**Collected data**
(* In the generic model, for $a\in\mathbb R$ let $\mathcal P_a:=\mathrm{ev}_a\circ\mathcal P\colon H_R\to\mathbb R$. Then for all $a,b\in\mathbb R$, $$\mathcal P_a\star\mathcal P_b=\mathcal P_{a+b},$$ i.e. $\sum_w\mathcal P(w_1)(a)\,\mathcal P(w_2)(b)=\mathcal P(w)(a+b)$ for every $w\in H_R$.
   Context: Generic model: $f\colon[0,\infty)\to\mathbb R$ continuous with $f(\zeta)-c/\zeta=O(\zeta^{-1-\epsilon})$ at infinity; Mellin transform $F(z)=\int_0^\infty f(\zeta)\zeta^{-z}d\zeta$, meromorphic near $0$. $H_R$: Connes–Kreimer Hopf algebra of rooted trees with coproduct $\Delta w=\sum_w w_1\otimes w_2$ (determined by $\Delta\circ B_+=B_+\otimes\mathbb 1+(\mathrm{id}\otimes B_+)\circ\Delta$), antipode $S$. $\phi_s(w)=s^{-z|w|}\prod_{v}F(z|w_v|)$ multiplicative; $\phi_{R,s}=\phi_\mu^{\star-1}\star\phi_s$ for fixed $\mu>0$; $\mathcal P(w)\in\mathbb R[x]$ is the polynomial with $\lim_{z\to0}\phi_{R,s}(w)=\mathcal P(w)(\ln\frac s\mu)$. Convolution of functionals: $\alpha\star\beta=m\circ(\alpha\otimes\beta)\circ\Delta$. *)

theory Defs
  imports "HOL-Analysis.Analysis" "HOL-Library.Multiset" "HOL-Library.Poly_Mapping"
    "HOL-Computational_Algebra.Polynomial"
begin

datatype rtree = Node "rtree multiset"   \<comment> \<open>Node ts = B_+ of the forest ts\<close>

type_synonym forest = "rtree multiset"    \<comment> \<open>forests = monomials, basis of H_R; {#} is the unit 1\<close>

primrec nverts :: "rtree \<Rightarrow> nat" where
  "nverts (Node ts) = Suc (sum_mset (image_mset nverts ts))"

primrec subsizes :: "rtree \<Rightarrow> nat multiset" where
  "subsizes (Node ts) =
     add_mset (Suc (sum_mset (image_mset nverts ts))) (sum_mset (image_mset subsizes ts))"

definition fsize :: "forest \<Rightarrow> nat" where
  "fsize w = sum_mset (image_mset nverts w)"

definition fsubsizes :: "forest \<Rightarrow> nat multiset" where
  "fsubsizes w = sum_mset (image_mset subsizes w)"

section \<open>Connes--Kreimer coproduct (Sweedler sum as a multiset of pairs)\<close>

definition pmul :: "(forest \<times> forest) multiset \<Rightarrow> (forest \<times> forest) multiset
                     \<Rightarrow> (forest \<times> forest) multiset" where
  "pmul A B = sum_mset (image_mset (\<lambda>(a1, b1). image_mset (\<lambda>(a2, b2). (a1 + a2, b1 + b2)) B) A)"

definition fprod :: "(forest \<times> forest) multiset multiset \<Rightarrow> (forest \<times> forest) multiset" where
  "fprod M = fold_mset pmul {#({#}, {#})#} M"

primrec cop_tree :: "rtree \<Rightarrow> (forest \<times> forest) multiset" where
  "cop_tree (Node ts) =
     add_mset ({#Node ts#}, {#})
       (image_mset (\<lambda>(a, b). (a, {#Node b#})) (fprod (image_mset cop_tree ts)))"

definition cop :: "forest \<Rightarrow> (forest \<times> forest) multiset" where
  "cop w = fprod (image_mset cop_tree w)"

section \<open>Linear functionals (given by their values on the basis of forests)\<close>

definition conv :: "(forest \<Rightarrow> 'a::comm_semiring_1) \<Rightarrow> (forest \<Rightarrow> 'a) \<Rightarrow> forest \<Rightarrow> 'a" where
  "conv \<alpha> \<beta> w = sum_mset (image_mset (\<lambda>(w1, w2). \<alpha> w1 * \<beta> w2) (cop w))"

definition counit :: "forest \<Rightarrow> 'a::comm_semiring_1" where
  "counit w = (if w = {#} then 1 else 0)"

definition conv_inv :: "(forest \<Rightarrow> 'a::comm_ring_1) \<Rightarrow> forest \<Rightarrow> 'a" where
  "conv_inv \<phi> = (THE \<psi>. conv \<psi> \<phi> = counit)"

text \<open>linear extension of a functional to H_R (finite real linear combinations of forests)\<close>
definition lin :: "(forest \<Rightarrow> real) \<Rightarrow> (forest \<Rightarrow>\<^sub>0 real) \<Rightarrow> real" where
  "lin \<alpha> w = (\<Sum>v\<in>Poly_Mapping.keys w. Poly_Mapping.lookup w v * \<alpha> v)"

definition generic_model :: "(real \<Rightarrow> real) \<Rightarrow> (complex \<Rightarrow> complex) \<Rightarrow> bool" where
  "generic_model f F \<longleftrightarrow>
     continuous_on {0..} f \<and>
     (\<exists>c \<epsilon>::real. \<epsilon> > 0 \<and> (\<lambda>\<zeta>. f \<zeta> - c / \<zeta>) \<in> O[at_top](\<lambda>\<zeta>. \<zeta> powr (-1 - \<epsilon>))) \<and>
     (\<exists>r>0. F holomorphic_on (ball 0 r - {0}) \<and>
        (\<forall>z\<in>ball 0 r. 0 < Re z \<and> Re z < 1 \<longrightarrow>
            F z = (LINT \<zeta>:{0<..}|lborel. complex_of_real (f \<zeta>) * complex_of_real \<zeta> powr (- z))) \<and>
        (\<exists>(n::nat) g. g holomorphic_on ball 0 r \<and> (\<forall>z\<in>ball 0 r - {0}. g z = z ^ n * F z)))"

definition phi :: "(complex \<Rightarrow> complex) \<Rightarrow> real \<Rightarrow> complex \<Rightarrow> forest \<Rightarrow> complex" where
  "phi F s z w = exp (- z * of_nat (fsize w) * complex_of_real (ln s)) *
                 prod_mset (image_mset (\<lambda>k. F (z * of_nat k)) (fsubsizes w))"

definition phiR :: "(complex \<Rightarrow> complex) \<Rightarrow> real \<Rightarrow> real \<Rightarrow> complex \<Rightarrow> forest \<Rightarrow> complex" where
  "phiR F \<mu> s z = conv (conv_inv (phi F \<mu> z)) (phi F s z)"

end

theory Submission
  imports Defs
begin

text \<open>
  Write \<open>\<phi>\<^sub>t\<close> for \<open>\<phi>\<^bsub>\<mu> e\<^sup>t\<^esub>\<close>.  Since \<open>\<phi>\<^sub>s(w)\<close> depends on \<open>s\<close> only through the
  factor \<open>s\<^sup>-\<^sup>z\<^sup>|\<^sup>w\<^sup>|\<close>, we have \<open>\<phi>\<^sub>t = \<theta>\<^sub>t \<phi>\<^sub>0\<close>, where the twist \<open>\<theta>\<^sub>t \<psi> (w) = e\<^sup>-\<^sup>z\<^sup>t\<^sup>|\<^sup>w\<^sup>| \<psi>(w)\<close>
  is an automorphism of the convolution algebra, because the coproduct preserves the
  number of vertices.  Hence \<open>\<theta>\<^sub>a \<phi>\<^sub>R\<^sub>,\<^sub>b = (\<theta>\<^sub>a \<phi>\<^sub>0)\<^sup>-\<^sup>1 \<star> \<phi>\<^sub>a\<^sub>+\<^sub>b\<close> and so
  \<open>\<phi>\<^sub>R\<^sub>,\<^sub>a \<star> \<theta>\<^sub>a \<phi>\<^sub>R\<^sub>,\<^sub>b = \<phi>\<^sub>R\<^sub>,\<^sub>a\<^sub>+\<^sub>b\<close> for every \<open>z\<close>.  Letting \<open>z \<rightarrow> 0\<close>, the twist tends to the
  identity and the three renormalized characters tend to \<open>\<P>\<^sub>a\<close>, \<open>\<P>\<^sub>b\<close>, \<open>\<P>\<^sub>a\<^sub>+\<^sub>b\<close>.
  Only the existence of the limits \<open>\<P>\<close> enters; the analytic hypotheses of the generic
  model merely guarantee it.
\<close>

lemma image_mset_sum_mset: "image_mset g (\<Sum>x\<in>#M. f x) = (\<Sum>x\<in>#M. image_mset g (f x))"
  by (induction M) auto

lemma sum_mset_add_mset: "(\<Sum>x\<in>#M. add_mset (f x) (g x)) = image_mset f M + (\<Sum>x\<in>#M. g x)"
  by (induction M) auto

lemma sum_mset_bind: "(\<Sum>x\<in>#(\<Sum>y\<in>#M. h y). f x) = (\<Sum>y\<in>#M. \<Sum>x\<in>#h y. f x)"
  by (induction M) auto

lemma sum_mset_filter_split:
  "(\<Sum>x\<in>#M. f x) = (\<Sum>x\<in>#filter_mset P M. f x) + (\<Sum>x\<in>#filter_mset (\<lambda>x. \<not> P x) M. f x)"
  by (induction M) (auto simp: ac_simps)

section \<open>Minkowski sums of multisets\<close>

text \<open>The Minkowski sum \<open>{#a + b. a \<in># A, b \<in># B#}\<close>; on multisets of pairs of forests
  it is the product of Sweedler sums, so \<open>\<Delta>\<close> is multiplicative with respect to it.\<close>
definition msum :: "'a::comm_monoid_add multiset \<Rightarrow> 'a multiset \<Rightarrow> 'a multiset" where
  "msum A B = (\<Sum>a\<in>#A. image_mset ((+) a) B)"

lemma msum_empty_left [simp]: "msum {#} B = {#}"
  by (simp add: msum_def)

lemma msum_add_mset_left [simp]: "msum (add_mset a A) B = image_mset ((+) a) B + msum A B"
  by (simp add: msum_def)

lemma msum_union_left [simp]: "msum (A + A') B = msum A B + msum A' B"
  by (simp add: msum_def)

lemma msum_empty_right [simp]: "msum A {#} = {#}"
  by (induction A) auto

lemma msum_add_mset_right [simp]: "msum A (add_mset b B) = image_mset (\<lambda>a. a + b) A + msum A B"
  by (induction A) (auto simp: add.commute)

lemma msum_union_right [simp]: "msum A (B + B') = msum A B + msum A B'"
  by (induction A) (auto simp: ac_simps)

lemma msum_commute: "msum A B = msum B A"
  by (induction A) (auto simp: add.commute)

lemma image_mset_plus_zero [simp]: "image_mset ((+) (0::'a::comm_monoid_add)) M = M"
  by (induction M) auto

lemma msum_image_shift: "msum (image_mset ((+) a) B) C = image_mset ((+) a) (msum B C)"
  by (induction B) (auto simp: ac_simps image_mset.compositionality o_def intro!: image_mset_cong)

lemma msum_assoc: "msum (msum A B) C = msum A (msum B C)"
  by (induction A) (auto simp: msum_image_shift)

lemma msum_left_commute: "msum A (msum B C) = msum B (msum A C)"
  by (metis msum_assoc msum_commute)

lemma mem_msumE:
  assumes "x \<in># msum A B"
  obtains a b where "a \<in># A" "b \<in># B" "x = a + b"
  using assms by (induction A) auto

lemma image_msum:
  assumes "\<And>x y. k (x + y) = g x + h y"
  shows "image_mset k (msum A B) = msum (image_mset g A) (image_mset h B)"
  by (induction A) (auto simp: assms image_mset.compositionality o_def)

lemma bind_msum:
  assumes "\<And>x y. h (x + y) = msum (h x) (h y)"
  shows "(\<Sum>x\<in>#msum A B. h x) = msum (\<Sum>x\<in>#A. h x) (\<Sum>x\<in>#B. h x)"
proof (induction A)
  case empty
  then show ?case by simp
next
  case (add a A)
  have "(\<Sum>b\<in>#B. msum (h a) (h b)) = msum (h a) (\<Sum>b\<in>#B. h b)"
    by (induction B) simp_all
  then show ?case using add by (simp add: assms image_mset.compositionality o_def)
qed

lemma filter_msum:
  assumes "\<And>x y. P (x + y) \<longleftrightarrow> P x \<and> P y"
  shows "filter_mset P (msum A B) = msum (filter_mset P A) (filter_mset P B)"
proof (induction A)
  case empty
  then show ?case by simp
next
  case (add a A)
  have "filter_mset P (image_mset ((+) a) B) =
      (if P a then image_mset ((+) a) (filter_mset P B) else {#})"
    by (induction B) (auto simp: assms)
  then show ?case using add by simp
qed

section \<open>The coproduct\<close>

lemma pmul_eq_msum: "pmul A B = msum A B"
  unfolding pmul_def msum_def
  by (intro arg_cong[where f = sum_mset] image_mset_cong) (auto intro!: image_mset_cong)

lemma fprod_empty [simp]: "fprod {#} = {#0#}"
  by (simp add: fprod_def zero_prod_def)

lemma fprod_add_mset [simp]: "fprod (add_mset x M) = msum x (fprod M)"
proof -
  interpret comp_fun_commute pmul
    by unfold_locales (simp add: fun_eq_iff pmul_eq_msum msum_left_commute)
  show ?thesis
    by (simp add: fprod_def pmul_eq_msum)
qed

**EXERCISE DIRECTIONS**
Search the data for the string "phiR". List each line that has it.

**SOLVED PROBLEM**
definition phiR :: "(complex \<Rightarrow> complex) \<Rightarrow> real \<Rightarrow> real \<Rightarrow> complex \<Rightarrow> forest \<Rightarrow> complex" where
  "phiR F \<mu> s z = conv (conv_inv (phi F \<mu> z)) (phi F s z)"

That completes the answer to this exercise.